Однажды Советы издали приказ: все молодые люди, какие — не уточнялось, родившиеся в 1903, 1904 и 1905-м, должны явиться в такой-то день, такой-то час к причалу на Днепре. И действительно, я был посажен на «Свердлова» (бывший «Император»). После нескольких часов плавания, томимый каким-то мрачным предчувствием (которое меня не обмануло, потому что позже корабль взорвался и пошёл ко дну со всеми юными пассажирами), я бросился в воду, чтобы попытаться доплыть до берега. Я долго боролся с течением, пока не добрался до одного из длинных, покрытых кустарником песчаных пляжей, протянувшихся вдоль реки. Изнурённый, я рухнул на землю. Когда я поднялся, то увидел совсем рядом песчаный бугорок. Любопытства ради разгрёб песок, и у меня в руках оказалась человеческая голова. Я и теперь вижу её, бритую голову казака с единственной прядью волос, отрубленную недавно и сохранённую песком. Я стоял, окаменев, держа в руках, можно сказать, голову Тараса Бульбы, один между небом, водой и кустарниками. Мне было пятнадцать лет.
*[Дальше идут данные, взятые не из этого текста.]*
lemma equalizer_exists:
  assumes y: "cdom C y1 = I" "ccod C y1 = Z" "cdom C y2 = I" "ccod C y2 = Z"
  obtains k where "ccod C k = I" "Defs.mono C k" "ccomp C y1 k = ccomp C y2 k"
    "\<And>h. ccod C h = I \<Longrightarrow> ccomp C y1 h = ccomp C y2 h \<Longrightarrow>
      \<exists>u. ccod C u = cdom C k \<and> ccomp C k u = h"
proof -
  have "has_product C Z Z" using abelian unfolding abelian_category_def by blast
  then obtain P p1 p2 where p: "cdom C p1 = P" "ccod C p1 = Z" "cdom C p2 = P" "ccod C p2 = Z"
    and pairing: "\<forall>f g. cdom C f = cdom C g \<and> ccod C f = Z \<and> ccod C g = Z \<longrightarrow>
      (\<exists>!u. cdom C u = cdom C f \<and> ccod C u = P \<and> ccomp C p1 u = f \<and> ccomp C p2 u = g)"
    unfolding has_product_def by blast
  obtain D where D: "cdom C D = Z" "ccod C D = P" "ccomp C p1 D = cid C Z" "ccomp C p2 D = cid C Z"
    using pairing[rule_format, of "cid C Z" "cid C Z"] by auto
  have "Defs.mono C D" by (rule split_mono[of D p1]) (simp_all add: D p)
  then obtain \<sigma> where \<sigma>: "is_kernel C D \<sigma>" using mono_is_kernel by blast
  obtain d where d: "cdom C d = I" "ccod C d = P" "ccomp C p1 d = y1" "ccomp C p2 d = y2"
    using pairing[rule_format, of y1 y2] y by auto
  define s where "s = ccomp C \<sigma> d"
  have \<sigma>_dom: "cdom C \<sigma> = P" using is_kernelD(1)[OF \<sigma>] D by simp
  have s_dom: "cdom C s = I" unfolding s_def using d \<sigma>_dom by simp
  have equalizes_iff: "ccomp C y1 h = ccomp C y2 h \<longleftrightarrow> zero_mor C (ccomp C s h)"
    if h: "ccod C h = I" for h
  proof
    assume eq: "ccomp C y1 h = ccomp C y2 h"
    have "ccomp C d h = ccomp C D (ccomp C y1 h)"
    proof -
      have "\<exists>!u. cdom C u = cdom C h \<and> ccod C u = P \<and>
          ccomp C p1 u = ccomp C y1 h \<and> ccomp C p2 u = ccomp C y2 h"
        using pairing[rule_format, of "ccomp C y1 h" "ccomp C y2 h"] y h by simp
      moreover have "ccomp C p1 (ccomp C d h) = ccomp C y1 h"
        "ccomp C p2 (ccomp C d h) = ccomp C y2 h"
        using d h p by (simp_all add: comp_assoc)
      moreover have "ccomp C p1 (ccomp C D (ccomp C y1 h)) = ccomp C y1 h"
        "ccomp C p2 (ccomp C D (ccomp C y1 h)) = ccomp C y2 h"
        using D h p y eq by (simp_all add: comp_assoc id_comp)
      moreover have "cdom C (ccomp C d h) = cdom C h" "ccod C (ccomp C d h) = P"
        "cdom C (ccomp C D (ccomp C y1 h)) = cdom C h" "ccod C (ccomp C D (ccomp C y1 h)) = P"
        using d D h y by simp_all
      ultimately show ?thesis by blast
    qed
    then have "ccomp C s h = ccomp C \<sigma> (ccomp C D (ccomp C y1 h))"
      unfolding s_def using comp_assoc[of h d \<sigma>] d h \<sigma>_dom by simp
    also have "\<dots> = ccomp C (ccomp C \<sigma> D) (ccomp C y1 h)"
      using comp_assoc[of "ccomp C y1 h" D \<sigma>] D h y \<sigma>_dom by simp
    finally show "zero_mor C (ccomp C s h)"
      using is_kernelD(1,2)[OF \<sigma>] zero_mor_precomp D h y by simp
  next
    assume "zero_mor C (ccomp C s h)"
    then have "zero_mor C (ccomp C \<sigma> (ccomp C d h))"
      unfolding s_def using d h \<sigma>_dom by (simp add: comp_assoc)
    then obtain w where w: "ccod C w = Z" "ccomp C D w = ccomp C d h"
      using is_kernelD(3)[OF \<sigma>, of "ccomp C d h"] d h D \<sigma>_dom by auto
    have "ccomp C y1 h = ccomp C p1 (ccomp C D w)" "ccomp C y2 h = ccomp C p2 (ccomp C D w)"
      unfolding w(2) using d h p comp_assoc[of h d p1] comp_assoc[of h d p2] by simp_all
    moreover have "ccomp C p1 (ccomp C D w) = w" "ccomp C p2 (ccomp C D w) = w"
      using D p w comp_assoc[of w D p1] comp_assoc[of w D p2] id_comp by simp_all
    ultimately show "ccomp C y1 h = ccomp C y2 h" by simp
  qed
  obtain k where k: "is_kernel C k s" using kernel_exists ..
  show thesis
  proof (rule that)
    show "ccod C k = I" using is_kernelD(1)[OF k] s_dom by simp
    show "Defs.mono C k" using kernel_is_mono[OF k] .
    show "ccomp C y1 k = ccomp C y2 k"
      using equalizes_iff is_kernelD(1,2)[OF k] s_dom by simp
    show "\<exists>u. ccod C u = cdom C k \<and> ccomp C k u = h"
      if "ccod C h = I" "ccomp C y1 h = ccomp C y2 h" for h
      using that equalizes_iff is_kernelD(3)[OF k, of h] s_dom by auto
  qed
qed

lemma kernel_of_cokernel_factors_through_mono:
  assumes q: "is_cokernel C q f" and m: "is_kernel C m q"
    and n: "Defs.mono C n" and f: "f = ccomp C n v" "ccod C v = cdom C n"
  obtains u where "ccod C u = cdom C n" "ccomp C n u = m"
proof -
  obtain g where g: "is_kernel C n g" using mono_is_kernel[OF n] ..
  have "ccomp C g f = ccomp C (ccomp C g n) v"
    using f comp_assoc[of v n g] is_kernelD(1)[OF g] by simp
  then have "zero_mor C (ccomp C g f)"
    using f is_kernelD(1,2)[OF g] zero_mor_precomp by simp
  then obtain g' where g': "cdom C g' = ccod C q" "ccomp C g' q = g"
    using is_cokernelD(3)[OF q, of g] is_kernelD(1)[OF g] f by auto
  have "ccomp C g m = ccomp C g' (ccomp C q m)"
    using g' comp_assoc[of m q g'] is_kernelD(1)[OF m] by simp
  then have "zero_mor C (ccomp C g m)"
    using g' is_kernelD(1,2)[OF m] zero_mor_postcomp by simp
  moreover have "ccod C m = cdom C g"
    using is_kernelD(1)[OF m] is_cokernelD(1)[OF q] is_kernelD(1)[OF g] f by simp
  ultimately obtain u where "ccod C u = cdom C n" "ccomp C n u = m"
    using is_kernelD(3)[OF g, of m] by auto
  then show thesis by (rule that)
qed

lemma epi_onto_kernel_of_cokernel:
  assumes q: "is_cokernel C q f" and m: "is_kernel C m q"
    and e: "ccod C e = cdom C m" "ccomp C m e = f"
  shows "epi C e"
  unfolding epi_def
proof (intro allI impI)
  fix y1 y2
  assume y: "cdom C y1 = ccod C e \<and> cdom C y2 = ccod C e \<and> ccod C y1 = ccod C y2 \<and>
    ccomp C y1 e = ccomp C y2 e"
  obtain k where k: "ccod C k = cdom C m" "Defs.mono C k" "ccomp C y1 k = ccomp C y2 k"
    and through_k: "\<And>h. ccod C h = cdom C m \<Longrightarrow> ccomp C y1 h = ccomp C y2 h \<Longrightarrow>
      \<exists>u. ccod C u = cdom C k \<and> ccomp C k u = h"
    by (rule equalizer_exists[of y1 "ccod C e" "ccod C y1" y2]) (use y e in auto)
  obtain v where v: "ccod C v = cdom C k" "ccomp C k v = e"
    using through_k[of e] y e by auto
  have mk: "Defs.mono C (ccomp C m k)"
    using mono_comp kernel_is_mono[OF m] k by simp
  have "f = ccomp C (ccomp C m k) v"
    using e v k comp_assoc[of v k m] by simp
  then obtain u where u: "ccod C u = cdom C k" "ccomp C (ccomp C m k) u = m"
    using kernel_of_cokernel_factors_through_mono[OF q m mk] v k by auto
  have u_dom: "cdom C u = cdom C m"
    using dom_comp[of "ccomp C m k" u] u k by simp
  \<comment> \<open>Since the image is minimal, the equalizer of y1 and y2 is a split epi.\<close>
  have mku: "ccomp C m (ccomp C k u) = ccomp C m (cid C (cdom C m))"
    using u k comp_assoc[of u k m] comp_id by simp
  have ku: "ccomp C k u = cid C (cdom C m)"
    by (rule monoD[OF kernel_is_mono[OF m]]) (use u u_dom k mku in simp_all)
  have "y1 = ccomp C (ccomp C y1 k) u"
    using ku y e k u comp_assoc[of u k y1] comp_id by simp
  also have "\<dots> = y2"
    using ku y e k u comp_assoc[of u k y2] comp_id by simp
  finally show "y1 = y2" .
qed

lemma image_factorization:
  assumes k: "is_kernel C k f" and q: "is_cokernel C q f"
  obtains e m where "short_exact C k e" "short_exact C m q"
    "cdom C e = cdom C f" "ccod C e = cdom C m"
proof -
  obtain m where m: "is_kernel C m q" using kernel_exists ..
  obtain e where e: "cdom C e = cdom C f" "ccod C e = cdom C m" "ccomp C m e = f"
    using is_kernelD(3)[OF m, of f] is_cokernelD(1,2)[OF q] by auto
  have "ccomp C m (ccomp C e k) = ccomp C f k"
    using e is_kernelD(1)[OF k] comp_assoc[of k e m] by simp
  then have "zero_mor C (ccomp C e k)"
    using mono_cancel_zero_mor[OF kernel_is_mono[OF m]] e is_kernelD(1,2)[OF k] by simp
  then have ke: "is_kernel C k e"
    using is_kernel_of_first_factor[OF k e(3)[symmetric] e(2)] by simp
  have "is_cokernel C e k"
    using epi_is_cokernel_of_kernel[OF epi_onto_kernel_of_cokernel[OF q m e(2,3)] ke] .
  moreover have "is_cokernel C q m"
    using is_cokernel_of_second_factor[OF q e(3)[symmetric] e(2)] is_kernelD(2)[OF m] by simp
  ultimately show thesis
    using that ke m e unfolding short_exact_def by blast
qed

end

lemma amplitude_nonneg: "amplitude C \<alpha> \<Longrightarrow> 0 \<le> \<alpha> a"
  unfolding amplitude_def by blast

lemma amplitude_short_exact:
  assumes "amplitude C \<alpha>" "short_exact C f g"
  shows "\<alpha> (cdom C f) \<le> \<alpha> (cdom C g)" "\<alpha> (ccod C g) \<le> \<alpha> (cdom C g)"
    "\<alpha> (cdom C g) \<le> \<alpha> (cdom C f) + \<alpha> (ccod C g)"
  using assms unfolding amplitude_def by blast+

lemma zz_cost_nonneg: "amplitude C \<alpha> \<Longrightarrow> 0 \<le> zz_cost C \<alpha> gs"
  unfolding zz_cost_def by (rule sum_list_nonneg) (auto simp: amplitude_nonneg)

lemma ereal_le_add_Inf:
  fixes a b :: ereal
  assumes b: "0 \<le> b" and S: "\<And>x. x \<in> S \<Longrightarrow> 0 \<le> x" "\<And>x. x \<in> S \<Longrightarrow> a \<le> b + x"
  shows "a \<le> b + Inf S"
proof (cases "S = {}")
  case True
  with b show ?thesis by (simp add: top_ereal_def)
next
  case False
  with b S(1) have "b + Inf S = (INF x\<in>S. b + x)"
    using INF_ereal_add_right[of S b "\<lambda>x. x"] by simp
  with S(2) show ?thesis by (simp add: le_INF_iff)
qed

context abelian_cat
begin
Я рассказал эту историю затем, чтобы сделать одно уточнение: я ещё не знал Гамлета. Когда немного спустя я его открыл, можно понять, как по-особенному отозвалась во мне встреча с бедным Йориком. Литература смешивалась с жизнью. Вокруг меня грохотала война. Я открывал неисчерпаемый роман Толстого и читал: «Взвод из двенадцати вооруженных солдат вышел из шеренги четким шагом». Солдаты Наполеона расстреливали в покорённой Москве, трещало пламя пожаров. Но я уже догадывался, что искусство идеализирует картины действительности. Вокруг меня шла совсем другая война. Ничего похожего на неё я не смог бы найти в этой книге. Я только слышал вместе с Пьером Безуховым мудрые слова бедного Платона Каратаева, шедшие из самого сердца: «Положи, Боже, камушком, подними калачиком!»
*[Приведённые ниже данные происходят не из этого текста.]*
(* For $2\le k\le n$, let $\mathcal{A}^{1\prec n}_{k\mapsto n}$ be the set of permutations $\sigma$ of $\{1,\dots,n\}$ avoiding $1423$ and $2413$ such that entry $1$ appears to the left of entry $n$ and $\sigma(k)=n$, and let $a_{n,k}=\lvert\mathcal{A}^{1\prec n}_{k\mapsto n}\rvert$. Then \begin{align*} a_{n,2}&=1,\\ a_{n,n}&=a_{n,n-1}+a_{n-1,n-1}\quad\text{for } n\ge3,\\ a_{n,k}&=a_{n,k-1}+a_{n-1,k}+a_{n-1,k-1}\quad\text{for }3\le k<n. \end{align*}
   Context: A permutation avoids a pattern $p$ if no subsequence of its one-line notation is order-isomorphic to $p$. *)

theory Defs
  imports Main
begin

definition perms_of :: "nat \<Rightarrow> nat list set" where
  "perms_of n = {xs. distinct xs \<and> set xs = {1..n}}"

definition contains_pattern :: "nat list \<Rightarrow> nat list \<Rightarrow> bool" where
  "contains_pattern xs p \<longleftrightarrow>
     (\<exists>f :: nat \<Rightarrow> nat. strict_mono_on {..<length p} f \<and>
        (\<forall>a<length p. f a < length xs) \<and>
        (\<forall>a<length p. \<forall>b<length p. xs ! f a < xs ! f b \<longleftrightarrow> p ! a < p ! b))"

definition avoids :: "nat list \<Rightarrow> nat list \<Rightarrow> bool" where
  "avoids xs p \<longleftrightarrow> \<not> contains_pattern xs p"

text \<open>Positions are 1-based as in the paper: sigma(k) = xs ! (k - 1).
  "1 appears left of n": index of 1 < index of n.\<close>
definition A_set :: "nat \<Rightarrow> nat \<Rightarrow> nat list set" where
  "A_set n k = {xs \<in> perms_of n. avoids xs [1,4,2,3] \<and> avoids xs [2,4,1,3] \<and>
       (\<exists>i j. i < j \<and> j < length xs \<and> xs ! i = 1 \<and> xs ! j = n) \<and>
       xs ! (k - 1) = n}"

definition a_num :: "nat \<Rightarrow> nat \<Rightarrow> nat" where
  "a_num n k = card (A_set n k)"

end

theory Submission
  imports Defs
begin
lemma dutch_gain_near_zero:
  obtains v0 \<kappa> where "0 < v0" "v0 < 1" "0 < \<kappa>"
    "\<And>s v. 0 \<le> s \<Longrightarrow> s < s_tilde \<Longrightarrow> 0 \<le> v \<Longrightarrow> v \<le> v0 \<Longrightarrow> v \<le> p s \<Longrightarrow>
      c (1 - b v 1) + \<kappa> \<le> c (s - b v s)"
proof -
  have "continuous_on {0..1} (\<lambda>v. b v 1)" using b_cont[of 1] p_1 by simp
  moreover have "(0::real) \<in> {0..1}" "0 < (1 - s_tilde) / 2" using s_tilde by auto
  ultimately obtain \<delta> where "0 < \<delta>"
    and \<delta>: "\<forall>v\<in>{0..1}. dist v 0 < \<delta> \<longrightarrow> dist (b v 1) (b 0 1) < (1 - s_tilde) / 2"
    unfolding continuous_on_iff by blast
  define v0 where "v0 = min (\<delta> / 2) (1 / 2)"
  define \<kappa> where "\<kappa> = c s_tilde - c ((1 + s_tilde) / 2)"
  show thesis
  proof (rule that)
    show "0 < v0" "v0 < 1" using \<open>0 < \<delta>\<close> by (auto simp: v0_def)
    show "0 < \<kappa>" unfolding \<kappa>_def using c_strict_antimono[of s_tilde "(1 + s_tilde) / 2"] s_tilde by auto
    fix s v assume s: "0 \<le> s" "s < s_tilde" and v: "0 \<le> v" "v \<le> v0" "v \<le> p s"
    have "v \<in> {0..1}" "dist v 0 < \<delta>" using v \<open>0 < \<delta>\<close> by (auto simp: v0_def)
    then have "dist (b v 1) (b 0 1) < (1 - s_tilde) / 2" using \<delta> by blast
    then have "b v 1 < (1 - s_tilde) / 2" using b_zero[of 1] by (simp add: dist_real_def abs_less_iff)
    then have "c (1 - b v 1) \<le> c ((1 + s_tilde) / 2)"
      using b_nonneg[of 1 v] p_1 v s_tilde by (intro c_antimono) (auto simp: v0_def)
    moreover have "c s_tilde \<le> c (s - b v s)"
      using dutch_duration_range[of s v] s v s_tilde by (intro c_antimono) auto
    ultimately show "c (1 - b v 1) + \<kappa> \<le> c (s - b v s)" by (simp add: \<kappa>_def)
  qed
qed
lemma p_Gamma_eq_flux_sum:
  fixes K :: "'n::finite \<Rightarrow> real^'n \<Rightarrow> real" and p :: "real^'n"
  assumes \<alpha>_sym: "\<And>x y. \<alpha> x y = \<alpha> y x"
  defines "c \<equiv> \<lambda>x y. exp (- max (Hf K x p) (Hf K y p)) * \<alpha> x y"
    and "h \<equiv> \<lambda>x. p$x * exp (Hf K x p)"
  shows "(\<Sum>x\<in>UNIV. p$x * Gamma K \<alpha> p x y) = (\<Sum>x\<in>UNIV. c x y * (h x - h y))"
proof -
  have "- max 0 (Psi K x y p) = Hf K x p - max (Hf K x p) (Hf K y p)" for x y
    by (simp add: Psi_def max_def)
  then have rate: "p$x * (exp (- max 0 (Psi K x y p)) * \<alpha> x y) = h x * c x y" for x y
    unfolding h_def c_def by (simp add: exp_diff exp_minus field_simps)
  have c_sym: "c x y = c y x" for x y
    unfolding c_def by (simp add: \<alpha>_sym max.commute)
  have "(\<Sum>x\<in>UNIV. p$x * Gamma K \<alpha> p x y)
      = p$y * Gamma K \<alpha> p y y + (\<Sum>x\<in>UNIV - {y}. p$x * Gamma K \<alpha> p x y)"
    by (simp add: sum.remove[of UNIV y])
  also have "\<dots> = - (\<Sum>x\<in>UNIV - {y}. h y * c x y) + (\<Sum>x\<in>UNIV - {y}. h x * c x y)"
    by (simp add: Gamma_def sum_distrib_left rate c_sym[of y])
  also have "\<dots> = (\<Sum>x\<in>UNIV - {y}. c x y * (h x - h y))"
    by (simp add: sum_subtractf[symmetric] algebra_simps)
  also have "\<dots> = (\<Sum>x\<in>UNIV. c x y * (h x - h y))"
    by (simp add: sum.remove[of UNIV y])
  finally show ?thesis .
qed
Это была также пора, когда в моём сердце бушевала музыка. Я посещал одновременно университет и консерваторию. Именно тогда сформировался мой музыкальный вкус. Моцарт, сочетавший в своей музыке юность и зрелость, стоял для меня на первом месте. Шопен, напротив, ставил передо мной необычную проблему: я увлекался его чувственными сочинениями, но вместе с тем из-за той же их страстности чурался их. Я улавливал в его музыке слишком высокую, кричащую нотку, которая совершенно не соответствовала музыке, что была мне по сердцу, но читалась как фраза из его личного дневника. Когда я играл или слушал Шопена, я уже не различал, где был он, а где я. Он был мне дорог.

Я уже писал об этом и по-прежнему полагаю, что это верно: воспитанный с детства на Глинке и Бородине, я был равнодушен к русским композиторам. Я отзывался на некоторые страницы «Бориса Годунова», но в целом Мусоргский, Бородин, Римский-Корсаков оставались мне чужды. Думаю, потому, что я не находил у них того, чем меня восхищали Пушкин и Моцарт,— легкости, прозрачности. Самым удивительным мне кажется, что только сегодня я их по-настоящему узнал и полюбил.
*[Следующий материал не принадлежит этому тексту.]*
text \<open>Every \<open>y \<in> I\<close> is \<open>u (A + b\<surd>m)/2 + v n\<close>, and expanding its norm shows that \<open>n b\<close> divides
  \<open>2 N(y)\<close>.\<close>
lemma ideal_basis_bound:
  assumes I: "is_ideal I" "I \<noteq> {0}" and basis: "ideal_basis I n A b"
  shows "n * b \<le> 2 * norm_gcd I"
proof -
  have n: "n > 0" "of_int n \<in> I" and b: "b > 0" and x0: "elt A b \<in> I"
    using basis unfolding ideal_basis_def by auto
  have "elt 0 (2 * n) \<in> I"
    using is_ideal_mult[OF I(1) ints_\<omega> n(2)] by (simp add: of_int_eq_elt \<omega>_mult_elt)
  then obtain e where e: "2 * n = b * e" using basis unfolding ideal_basis_def by fastforce
  have wx0: "\<omega> * elt A b \<in> I" using is_ideal_mult[OF I(1) ints_\<omega> x0] .
  then obtain a1 where a1: "A = b * a1" using basis unfolding ideal_basis_def
    by (fastforce simp: \<omega>_mult_elt)
  have "\<omega> * elt A b - of_int a1 * elt A b \<in> I"
    using is_ideal_diff[OF I(1) wx0 is_ideal_mult_int[OF I(1) x0]] .
  then have "elt (m * b - a1 * A) (A - a1 * b) \<in> I"
    by (simp add: \<omega>_mult_elt of_int_mult_elt elt_diff)
  then have "elt (m * b - a1 * A) 0 \<in> I" using a1 by (simp add: mult.commute)
  then obtain T where T: "m * b - a1 * A = 2 * T" "of_int T \<in> I" using ideal_elt_0[OF I(1)] by metis
  have "n dvd T" using basis T(2) unfolding ideal_basis_def by blast
  then obtain t where "T = n * t" by blast
  then have mb: "m * b = a1 * A + 2 * n * t" using T(1) by simp
  have "n * b dvd qnorm y * 2" if y: "y \<in> I" for y
  proof -
    obtain u v where uv: "sc y = b * u" "tr y = u * A + 2 * n * v"
      using ideal_basis_decompose[OF I(1) basis y] .
    have "4 * qnorm y = u^2 * (A * A - b * (m * b)) + 4 * u * v * A * n + 2 * v^2 * n * (2 * n)"
      using four_qnorm[OF is_ideal_mem[OF I(1) y]] by (simp add: uv power2_eq_square algebra_simps)
    also have "\<dots> = u^2 * (- 2 * n * b * t) + 4 * u * v * (b * a1) * n + 2 * v^2 * n * (b * e)"
    proof -
      have "A * A - b * (m * b) = - 2 * n * b * t" unfolding mb by (simp add: a1 algebra_simps)
      then show ?thesis unfolding a1[symmetric] e[symmetric] by simp
    qed
    also have "\<dots> = 2 * (n * b) * (2 * u * v * a1 - u^2 * t + v^2 * e)"
      by (simp add: power2_eq_square algebra_simps)
    finally show ?thesis by (simp add: mult.commute)
  qed
  then have "n * b dvd Gcd ((\<lambda>y. 2 * y) ` (qnorm ` I))"
    by (intro Gcd_greatest) (auto simp: mult.commute)
  also have "\<dots> = 2 * norm_gcd I"
    using norm_gcd_nonneg[of I] by (simp add: Gcd_mult norm_gcd_def abs_mult)
  finally show ?thesis using norm_gcd_pos[OF I] by (intro zdvd_imp_le) auto
qed

text \<open>Dirichlet's approximation theorem applied to \<open>(A - b\<surd>m)/(2n)\<close> gives \<open>k \<le> n\<close> and \<open>h\<close> such
  that \<open>k (A + b\<surd>m)/2 - h n \<in> I\<close> has conjugate \<open>(X - k b\<surd>m)/2\<close> of absolute value below \<open>1\<close>.\<close>
lemma ideal_elt_small_conjugate:
  assumes I: "is_ideal I" and basis: "ideal_basis I n A b"
  obtains k X where "0 < k" "k \<le> n" "elt X (k * b) \<in> I" "\<bar>X - of_int (k * b) * \<rho>\<bar> < 2"
proof -
  have n: "n > 0" "of_int n \<in> I" and x0: "elt A b \<in> I"
    using basis unfolding ideal_basis_def by auto
  define \<theta> where "\<theta> = (A - b * \<rho>) / (2 * n)"
  have "nat n > 0" using n(1) by simp
  then obtain h k where hk: "0 < k" "k \<le> int (nat n)" "\<bar>of_int k * \<theta> - of_int h\<bar> < 1 / real (nat n)"
    using Dirichlet_approx by blast
  have "of_int k * elt A b - of_int (h * n) = elt (k * A - 2 * h * n) (k * b)"
    by (simp only: of_int_mult_elt of_int_eq_elt[of "h * n"] elt_diff) (simp add: algebra_simps)
  moreover have "of_int k * elt A b - of_int (h * n) \<in> I"
    using is_ideal_diff[OF I is_ideal_mult_int[OF I x0] is_ideal_mult_int[OF I n(2)]] by simp
  moreover have "\<bar>(k * A - 2 * h * n) - k * b * \<rho>\<bar> = 2 * n * \<bar>of_int k * \<theta> - of_int h\<bar>"
    using n(1) by (simp add: \<theta>_def field_simps flip: abs_mult)
  moreover have "2 * n * \<bar>of_int k * \<theta> - of_int h\<bar> < 2 * n * (1 / real (nat n))"
    using hk(3) n(1) by (intro mult_strict_left_mono) auto
  ultimately show ?thesis using that[of k "k * A - 2 * h * n"] hk(1,2) n(1) by simp
qed

text \<open>A Minkowski-type bound: the element above has norm at most \<open>(1 + k b \<surd>m) \<cdot> 1\<close>, and
  \<open>k b \<le> n b \<le> 2 norm_gcd I\<close>.\<close>
lemma exists_small_norm:
  assumes I: "is_ideal I" "I \<noteq> {0}"
  obtains \<alpha> where "\<alpha> \<in> I" "\<alpha> \<noteq> 0" "real_of_int \<bar>qnorm \<alpha>\<bar> \<le> 1 + 2 * \<rho> * real_of_int (norm_gcd I)"
proof -
  obtain n A b where basis: "ideal_basis I n A b" using ideal_basis_exists[OF I] .
  obtain k X where k: "0 < k" "k \<le> n" and "elt X (k * b) \<in> I"
    and small: "\<bar>X - of_int (k * b) * \<rho>\<bar> < 2"
    using ideal_elt_small_conjugate[OF I(1) basis] .
  have "b > 0" using basis unfolding ideal_basis_def by auto
  define Y where "Y = real_of_int (k * b)"
  have "k * b \<le> n * b" using k \<open>b > 0\<close> by (intro mult_right_mono) auto
  then have "Y * \<rho> \<le> 2 * norm_gcd I * \<rho>"
    using ideal_basis_bound[OF I basis] \<rho>_pos unfolding Y_def by (intro mult_right_mono) linarith+
  moreover have "Y * \<rho> > 0" using k \<open>b > 0\<close> \<rho>_pos by (simp add: Y_def)
  moreover have "\<bar>X + Y * \<rho>\<bar> \<le> \<bar>X - Y * \<rho>\<bar> + \<bar>2 * Y * \<rho>\<bar>"
    using abs_triangle_ineq[of "X - Y * \<rho>" "2 * Y * \<rho>"] by simp
  ultimately have "\<bar>X + Y * \<rho>\<bar> / 2 \<le> 1 + 2 * \<rho> * norm_gcd I"
    using small unfolding Y_def by (simp add: mult_ac)
  then have bound: "\<bar>X + Y * \<rho>\<bar> / 2 * (\<bar>X - Y * \<rho>\<bar> / 2) \<le> (1 + 2 * \<rho> * norm_gcd I) * 1"
    using small unfolding Y_def by (intro mult_mono) auto
  have "real_of_int \<bar>qnorm (elt X (k * b))\<bar> = \<bar>(X + Y * \<rho>) / 2 * ((X - Y * \<rho>) / 2)\<bar>"
    using qnorm_eq_real_embeddings[OF is_ideal_mem[OF I(1) \<open>elt X (k * b) \<in> I\<close>]] by (simp add: Y_def)
  also have "\<dots> = \<bar>X + Y * \<rho>\<bar> / 2 * (\<bar>X - Y * \<rho>\<bar> / 2)" by (simp add: abs_mult)
  also have "\<dots> \<le> (1 + 2 * \<rho> * norm_gcd I) * 1" by (rule bound)
  finally show ?thesis
    using that \<open>elt X (k * b) \<in> I\<close> k \<open>b > 0\<close> by (simp add: elt_eq_0_iff)
qed

lemma is_ideal_image_mult:
  assumes I: "is_ideal I" and c: "\<And>x. x \<in> I \<Longrightarrow> c * x \<in> ints"
  shows "is_ideal ((\<lambda>x. c * x) ` I)"
  unfolding is_ideal_in_def
proof (intro conjI ballI)
  show "(\<lambda>x. c * x) ` I \<subseteq> ints" using c by blast
  show "0 \<in> (\<lambda>x. c * x) ` I" using is_ideal_0[OF I] by (metis image_eqI mult_zero_right)
next
  fix x y assume "x \<in> (\<lambda>x. c * x) ` I" "y \<in> (\<lambda>x. c * x) ` I"
  then obtain a b where "a \<in> I" "b \<in> I" "x = c * a" "y = c * b" by blast
  then have "x + y = c * (a + b)" "x - y = c * (a - b)" "a + b \<in> I" "a - b \<in> I"
    using is_ideal_add[OF I] is_ideal_diff[OF I] by (simp_all add: algebra_simps)
  then show "x + y \<in> (\<lambda>x. c * x) ` I" "x - y \<in> (\<lambda>x. c * x) ` I" by blast+
next
  fix r x assume "r \<in> ints" "x \<in> (\<lambda>x. c * x) ` I"
  then show "r * x \<in> (\<lambda>x. c * x) ` I" using is_ideal_mult[OF I] by (auto simp: mult.left_commute)
qed

text \<open>\<open>G = norm_gcd I\<close> divides \<open>N(x)\<close>, \<open>N(\<alpha>)\<close> and \<open>N(x + \<alpha>) = N(x) + N(\<alpha>) + tr(x \<alpha>')\<close>,
  hence the trace of \<open>x \<alpha>'\<close>, while \<open>G\<^sup>2\<close> divides its norm.\<close>
lemma qconj_mult_div_norm_gcd_ints:
  assumes I: "is_ideal I" "I \<noteq> {0}" and "\<alpha> \<in> I" "x \<in> I"
  shows "qconj \<alpha> / of_int (norm_gcd I) * x \<in> ints"
proof -
  define G where "G = norm_gcd I"
  have \<alpha>: "\<alpha> \<in> ints" and x: "x \<in> ints" using is_ideal_mem[OF I(1)] assms(3,4) by auto
  have "G dvd qnorm (x + \<alpha>)" "G dvd qnorm x" "G dvd qnorm \<alpha>"
    using norm_gcd_dvd is_ideal_add[OF I(1) assms(4,3)] assms(3,4) by (auto simp: G_def)
  moreover have "tr (x * qconj \<alpha>) = qnorm (x + \<alpha>) - qnorm x - qnorm \<alpha>"
    using qnorm_add[OF x \<alpha>] by simp
  ultimately have "G dvd tr (x * qconj \<alpha>)" by simp
  moreover have "G^2 dvd qnorm (x * qconj \<alpha>)"
    using \<open>G dvd qnorm x\<close> \<open>G dvd qnorm \<alpha>\<close>
    by (simp add: qnorm_mult[OF x qconj_ints[OF \<alpha>]] power2_eq_square mult_dvd_mono)
  ultimately have "x * qconj \<alpha> / of_int G \<in> ints"
    using ints_div[OF ints_mult[OF x qconj_ints[OF \<alpha>]]] norm_gcd_pos[OF I] by (simp add: G_def)
  then show ?thesis by (simp add: G_def mult.commute)
qed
Когда я думаю о «Тристане и Изольде», «Мейстерзингерах» или «Парсифале», то затрудняюсь сказать, какую их этих трёх опер предпочитал, но я не мог без них жить, грезя ими по ночам. Я бредил также Чайковским, который всегда был мне очень близок и чьи оперы «Евгений Онегин» и «Пиковая дама» мне были уже знакомы. Дебюсси, Равеля и Стравинского я ещё вообще не знал.

Музыку я любил всегда. Одной из самых больших моих радостей было часами сидеть за фортепиано, нанизывая друг на друга любимые музыкальные отрывки. Я находил в этом, как и в книгах, то полное упоение, которого мне не давала жизнь. Я долгое время мечтал о карьере виртуоза. Вплоть до одного дня, когда после оккупации города белыми войсками вновь атаковали большевики. Белые армии были вынуждены отступить. Но генерал Драгомиров решил бросить в бой пятьдесят воспитанников гимназии, включая и меня. Я был зачислен в 34-й сибирский полк, который был удостоен чести получить из рук генерала Бредова крест Святого Георгия — наш военный орден. Мы одурели, сражаясь одни вопреки очевидности. Большевистские пулеметы трещали. Дождь свинца сметал всё живое. Вдруг рядом с нами с чудовищным грохотом разорвался крупнокалиберный снаряд. Оглушенный мощью взрывной волны, я с трудом осознал, что оказался заваленным песком, сыпавшимся со всех сторон. Я почувствовал сильную боль в правой руке и увидел, что она вся в крови. Мой брат Василий спас меня из этой бойни, а большинство моих товарищей погибло...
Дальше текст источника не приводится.